A Mumbai-based analyst says, “Given the rise in debt levels (by about Rs 1,500 crore) of DLF Cyber City since March 2009, it is quite likely that the funds would have been used to create more assets.
 

HOW THEY COMPARE
(In mn sqft) DCCDL** CARAF
Ready assets 6.73 9.65
Additional development 11.83
Nil
TOTAL 18.56 9.65
(In Rs crore) DCCDL$ CARAF#
Rental income* 416 555
Net current assets 715 2,192
Net debt 4,140 2,460
**DCCDL has also notified SEZ land of 18 acres approx.
Aggregated nos from Pro forma Balance Sheets for:
$DCCDL & retail subsidiaries; #Caraf, IT Parks in Chandigarh & Kolkata, and DAL
*Annualised net property income (post tax)

Considering this as well as some dip in rental rates in the current year, many analysts find it difficult to digest that DLF Cyber City has an annualised net rental income of just Rs 416 crore; the company had reported total revenues of Rs 1,442 crore in 2008-09. They believe there could be a case of undervaluation of assets of the company, and hence, the need for more information on the deal.

Surely, the analysts said, there would have been more clarity had the company provided the actual valuation figures and all the parameters, rather than just mentioning the 60:40 ratio and a few figures.

While the company justified the strategy behind the move, market observers were not convinced.

In a statement, the company said that the key strategic objective of integration was to consolidate the group’s lease rental assets under DLF, which would further enhance the stable rental incomes and cash flows of DLF. Besides, it would eliminate the perceived conflict of interest between the promoter entities and DLF, while facilitating management integration and overlap elimination.

However, market experts, who did not wish to be identified as they acted as advisors to the group in some manner, observed that the deal was also to save the debt-ridden DAL. They said, “DLF has been the contractor for assets developed by DAL, wherein the most lucrative assets were purchased in DAL and DLF was appointed only as a contractor, to construct the property and give ready possession to DAL. Currently, a lot of money is outstanding from DAL to DLF on this account and DLF may have paid tax on such money.” The company, however, stated that DLF was supposed to construct the property, lease it out to potential customers and hand it over to DAL. Only then, DAL was supposed to pay for the property.

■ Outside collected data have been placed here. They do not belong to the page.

lemma card_QSet_Suc_Cons_mlarge_eq:
  assumes "strict_pos (t # \<sigma>)" "0 < j"
  shows "card {\<gamma>\<in>QSet (Suc t # t # \<sigma>) (Suc (Suc t) # t # \<sigma>). weight \<gamma> = k \<and> mlarge \<gamma> = j}
       = card {\<alpha>\<in>QSet (t # \<sigma>) (Suc t # t # \<sigma>). weight \<alpha> + j = k \<and> j < mlarge \<alpha>}"
proof -
  let ?D = "{\<alpha>\<in>QSet (t # \<sigma>) (Suc t # t # \<sigma>). j < mlarge \<alpha>}"
  have "card {\<gamma>\<in>QSet (Suc t # t # \<sigma>) (Suc (Suc t) # t # \<sigma>). weight \<gamma> = k \<and> mlarge \<gamma> = j}
      = card {\<alpha>\<in>?D. weight \<alpha> + j = k \<and> j \<le> mlarge \<alpha>}"
  proof (rule card_raise_block[OF assms(2)])
    fix \<gamma> assume "\<gamma> \<in> QSet (Suc t # t # \<sigma>) (Suc (Suc t) # t # \<sigma>)"
    hence \<gamma>: "is_partition \<gamma>" "0 < weight \<gamma>" "contains \<gamma> (Suc t # t # \<sigma>)" by (auto simp: QSet_def)
    hence "Suc t \<le> hd \<gamma>"
      using contains_Cons_le_hd partition_nonempty strict_pos_Cons_Cons[OF assms(1)] by blast
    thus "is_partition \<gamma> \<and> 0 < weight \<gamma> \<and> 1 < hd \<gamma>" using \<gamma> strict_pos_hd_pos[OF assms(1)] by simp
  next
    fix L \<rho> assume \<rho>: "is_partition \<rho>" "\<forall>x\<in>set \<rho>. x \<le> L" "0 < L"
    have "j < mlarge (replicate j L @ \<rho>) \<longleftrightarrow> L \<in> set \<rho>"
      using assms(2) by (auto simp: mlarge_replicate_append filter_empty_conv)
    thus "replicate j (Suc L) @ \<rho> \<in> QSet (Suc t # t # \<sigma>) (Suc (Suc t) # t # \<sigma>) \<longleftrightarrow>
        replicate j L @ \<rho> \<in> ?D"
      using QSet_Suc_Cons_block_Suc_iff[OF assms(2) \<rho> assms(1)] by simp
  qed (simp add: QSet_def)
  also have "{\<alpha>\<in>?D. weight \<alpha> + j = k \<and> j \<le> mlarge \<alpha>}
      = {\<alpha>\<in>QSet (t # \<sigma>) (Suc t # t # \<sigma>). weight \<alpha> + j = k \<and> j < mlarge \<alpha>}" by auto
  finally show ?thesis .
qed

lemma QSet_largest_block:
  assumes "\<alpha> \<in> QSet \<tau> \<mu>"
  obtains m L \<rho> where "\<alpha> = replicate m L @ \<rho>" "mlarge \<alpha> = m" "hd \<alpha> = L" "drop m \<alpha> = \<rho>"
    "is_partition \<rho>" "\<forall>x\<in>set \<rho>. x < L" "0 < L" "0 < m"
proof -
  have "is_partition \<alpha>" "0 < weight \<alpha>" using assms by (auto simp: QSet_def)
  then obtain \<rho> where "\<alpha> = replicate (mlarge \<alpha>) (hd \<alpha>) @ \<rho>" "\<rho> = drop (mlarge \<alpha>) \<alpha>"
    "is_partition \<rho>" "\<forall>x\<in>set \<rho>. x < hd \<alpha>" "0 < hd \<alpha>" "0 < mlarge \<alpha>"
    by (rule partition_largest_block)
  thus ?thesis using that by simp
qed

text \<open>\<open>lift_largest n\<close> raises the block of largest parts so that the weight becomes \<open>n\<close>, provided the
  size of the block divides the missing weight; \<open>settle_largest\<close> lowers that block to the threshold of
  the remaining parts.\<close>

definition lift_largest :: "nat \<Rightarrow> nat list \<Rightarrow> nat list" where
  "lift_largest n \<alpha> = with_block (mlarge \<alpha>) (hd \<alpha> + (n - weight \<alpha>) div mlarge \<alpha>) \<alpha>"

definition settle_largest :: "nat \<Rightarrow> nat list \<Rightarrow> nat list \<Rightarrow> nat list" where
  "settle_largest t \<sigma> \<gamma> = with_block (mlarge \<gamma>) (threshold (set (drop (mlarge \<gamma>) \<gamma>)) t \<sigma>) \<gamma>"

lemma lift_largest_QSet:
  assumes "strict_pos (t # \<sigma>)" "\<alpha> \<in> QSet (t # \<sigma>) (Suc t # \<sigma>)" "weight \<alpha> \<le> n" "mlarge \<alpha> dvd (n - weight \<alpha>)"
  shows "lift_largest n \<alpha> \<in> QSet (t # \<sigma>) (Suc t # t # \<sigma>)" "weight (lift_largest n \<alpha>) = n"
    "mlarge (lift_largest n \<alpha>) = mlarge \<alpha>" "settle_largest t \<sigma> (lift_largest n \<alpha>) = \<alpha>"
proof -
  obtain m L \<rho> where d: "\<alpha> = replicate m L @ \<rho>" "mlarge \<alpha> = m" "hd \<alpha> = L" "drop m \<alpha> = \<rho>"
    "is_partition \<rho>" "\<forall>x\<in>set \<rho>. x < L" "0 < L" "0 < m"
    using assms(2) by (auto elim: QSet_largest_block)
  define r where "r = (n - weight \<alpha>) div m"
  have f: "lift_largest n \<alpha> = replicate m (L + r) @ \<rho>" by (simp add: lift_largest_def with_block_def d(2-4) r_def)
  have h: "hosts (set \<rho>) t \<sigma> L" "L = threshold (set \<rho>) t \<sigma>"
    using assms(2) QSet_Suc_block_iff_threshold[OF d(8,5,6,7) assms(1)] unfolding d(1) by auto
  have lt: "\<forall>x\<in>set \<rho>. x < L + r" using d(6) by auto
  show "lift_largest n \<alpha> \<in> QSet (t # \<sigma>) (Suc t # t # \<sigma>)" unfolding f
    using QSet_Suc_Cons_block_iff_threshold[OF d(8,5) lt _ assms(1)] hosts_mono[OF h(1)] h(2) d(6,7)
    by simp
  have "n - weight \<alpha> = m * r" using assms(4) d(2) by (simp add: r_def)
  moreover have "weight \<alpha> = m * L + weight \<rho>" by (subst d(1)) (simp add: weight_replicate_append)
  ultimately show "weight (lift_largest n \<alpha>) = n"
    using assms(3) unfolding f by (simp add: weight_replicate_append algebra_simps)
  show m: "mlarge (lift_largest n \<alpha>) = mlarge \<alpha>"
    unfolding f d(2) by (rule mlarge_replicate_append_less[OF d(8) lt])
  show "settle_largest t \<sigma> (lift_largest n \<alpha>) = \<alpha>"
    using m unfolding settle_largest_def d(2) f using h(2) d(1) by simp
qed

lemma settle_largest_QSet:
  assumes "strict_pos (t # \<sigma>)" "\<gamma> \<in> QSet (t # \<sigma>) (Suc t # t # \<sigma>)"
  shows "settle_largest t \<sigma> \<gamma> \<in> QSet (t # \<sigma>) (Suc t # \<sigma>)" "weight (settle_largest t \<sigma> \<gamma>) \<le> weight \<gamma>"
    "mlarge (settle_largest t \<sigma> \<gamma>) = mlarge \<gamma>"
    "mlarge \<gamma> dvd (weight \<gamma> - weight (settle_largest t \<sigma> \<gamma>))"
    "lift_largest (weight \<gamma>) (settle_largest t \<sigma> \<gamma>) = \<gamma>"
proof -
  obtain m L \<rho> where d: "\<gamma> = replicate m L @ \<rho>" "mlarge \<gamma> = m" "hd \<gamma> = L" "drop m \<gamma> = \<rho>"
    "is_partition \<rho>" "\<forall>x\<in>set \<rho>. x < L" "0 < L" "0 < m"
    using assms(2) by (auto elim: QSet_largest_block)
  define W where "W = threshold (set \<rho>) t \<sigma>"
  have h: "hosts (set \<rho>) t \<sigma> L" "\<forall>x\<in>set \<rho>. x < W"
    using assms(2) QSet_Suc_Cons_block_iff_threshold[OF d(8,5,6,7) assms(1)] unfolding d(1) W_def by auto
  have W: "W \<le> L" "hosts (set \<rho>) t \<sigma> W"
    using hosts_iff_threshold_le[OF h(1), of L] hosts_iff_threshold_le[OF h(1), of W] h(1)
    unfolding W_def by auto
  have "0 < W" using hosts_ge[OF W(2)] strict_pos_hd_pos[OF assms(1)] by simp
  have g: "settle_largest t \<sigma> \<gamma> = replicate m W @ \<rho>" by (simp add: settle_largest_def with_block_def d(2,4) W_def)
  show "settle_largest t \<sigma> \<gamma> \<in> QSet (t # \<sigma>) (Suc t # \<sigma>)" unfolding g
    using QSet_Suc_block_iff_threshold[OF d(8,5) h(2) \<open>0 < W\<close> assms(1)] W(2) by (simp add: W_def)
  have wb: "weight \<gamma> = m * L + weight \<rho>" by (subst d(1)) (simp add: weight_replicate_append)
  have "m * W + weight \<rho> \<le> m * L + weight \<rho>" using W(1) by simp
  thus "weight (settle_largest t \<sigma> \<gamma>) \<le> weight \<gamma>" unfolding g weight_replicate_append wb .
  have nd: "weight \<gamma> - weight (settle_largest t \<sigma> \<gamma>) = m * (L - W)"
    by (simp add: wb g weight_replicate_append diff_mult_distrib2)
  thus "mlarge \<gamma> dvd (weight \<gamma> - weight (settle_largest t \<sigma> \<gamma>))" by (simp add: d(2))
  show m: "mlarge (settle_largest t \<sigma> \<gamma>) = mlarge \<gamma>"
    unfolding g d(2) by (rule mlarge_replicate_append_less[OF d(8) h(2)])
  show "lift_largest (weight \<gamma>) (settle_largest t \<sigma> \<gamma>) = \<gamma>"
    using nd m unfolding lift_largest_def d(2) using d(1,8) W(1) g by (simp add: hd_replicate_append)
qed

lemma card_QSet_Suc_Cons_weight_eq:
  assumes "strict_pos (t # \<sigma>)"
  shows "card {\<gamma>\<in>QSet (t # \<sigma>) (Suc t # t # \<sigma>). weight \<gamma> = n \<and> P (mlarge \<gamma>)}
       = card {\<alpha>\<in>QSet (t # \<sigma>) (Suc t # \<sigma>). weight \<alpha> \<le> n \<and> mlarge \<alpha> dvd (n - weight \<alpha>) \<and> P (mlarge \<alpha>)}"
proof -
  have "bij_betw (lift_largest n)
    {\<alpha>\<in>QSet (t # \<sigma>) (Suc t # \<sigma>). weight \<alpha> \<le> n \<and> mlarge \<alpha> dvd (n - weight \<alpha>) \<and> P (mlarge \<alpha>)}
    {\<gamma>\<in>QSet (t # \<sigma>) (Suc t # t # \<sigma>). weight \<gamma> = n \<and> P (mlarge \<gamma>)}"
    using lift_largest_QSet[OF assms] settle_largest_QSet[OF assms]
    by (intro bij_betw_byWitness[where f' = "settle_largest t \<sigma>"]) auto
  thus ?thesis by (simp add: bij_betw_same_card)
qed


section \<open>Coefficients of the operators \<open>\<E>\<close> and \<open>\<N>\<close>\<close>

lemma mult_inv1: "f $ 0 = 1 \<Longrightarrow> f * inv1 f = 1"
  unfolding inv1_def by (rule fps_right_inverse) simp

lemma mult_div_inv1:
  assumes "H * f = G" "f $ 0 = 1"
  shows "G * inv1 f = (H :: bser)"
proof -
  have "G * inv1 f = H * (f * inv1 f)" by (simp add: assms(1)[symmetric] mult.assoc)
  thus ?thesis by (simp add: mult_inv1[OF assms(2)])
qed

lemma inv1_unique: "(V::bser) * f = 1 \<Longrightarrow> f $ 0 = 1 \<Longrightarrow> inv1 f = V"
  using mult_div_inv1[of V f 1] by simp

It was due to this reason that even as DAL paid DLF Rs 8,200 crore, its books showed advances to DAL worth Rs 2,800 crore as it claimed to have received only Rs 5,400 crore worth of property. On the other hand, DLF booked the entire amount of about Rs 11,000 crore as income, and hence, its books showed over Rs 2,500 crore as receivables from DAL.

Experts, however, recall, “In 2007, the group wanted to list DAL on the Singapore-based exchange as a real estate investment trust (REIT), which could not happen due to market conditions. Now, to get the money from DAL, Caraf Builders is being merged with DLF Cyber City in a no-cash deal. Later, DAL will be listed overseas and that is how DLF shareholders will get their dues. This is a move to save the debt-ridden DAL at the cost of DLF shareholders.” If the listing happens, SC Asia, a PE investor which has bought compulsorily convertible preference shares (CCPS) worth Rs 2,725 crore in DAL, will also perhaps get an exit. Else, Caraf will either have to buy the CCPS or convert it into equity.

Among the few gains that most analysts believe could accrue to DLF is that since yields are lower in overseas markets, DLF Cyber City is expected to gain from the listing of DAL on the Singapore exchange, which is expected around March 2010. Says Aashiesh Agarwaal, analyst, Edelweiss Securities, “In the current deal structure, upsides from cap rate compression will accrue to DLF, adding upside risk to our valuations.”

As against the higher cap rate of 9.5-11 per cent assumed for valuing the properties, analysts said the cap rate for entities listed in Singapore would be around 5.5-7 per cent, which according to their estimates worked out to an upside of Rs 1,600-2,000 crore for DLF, based on its 60 per cent holding in DAL post integration.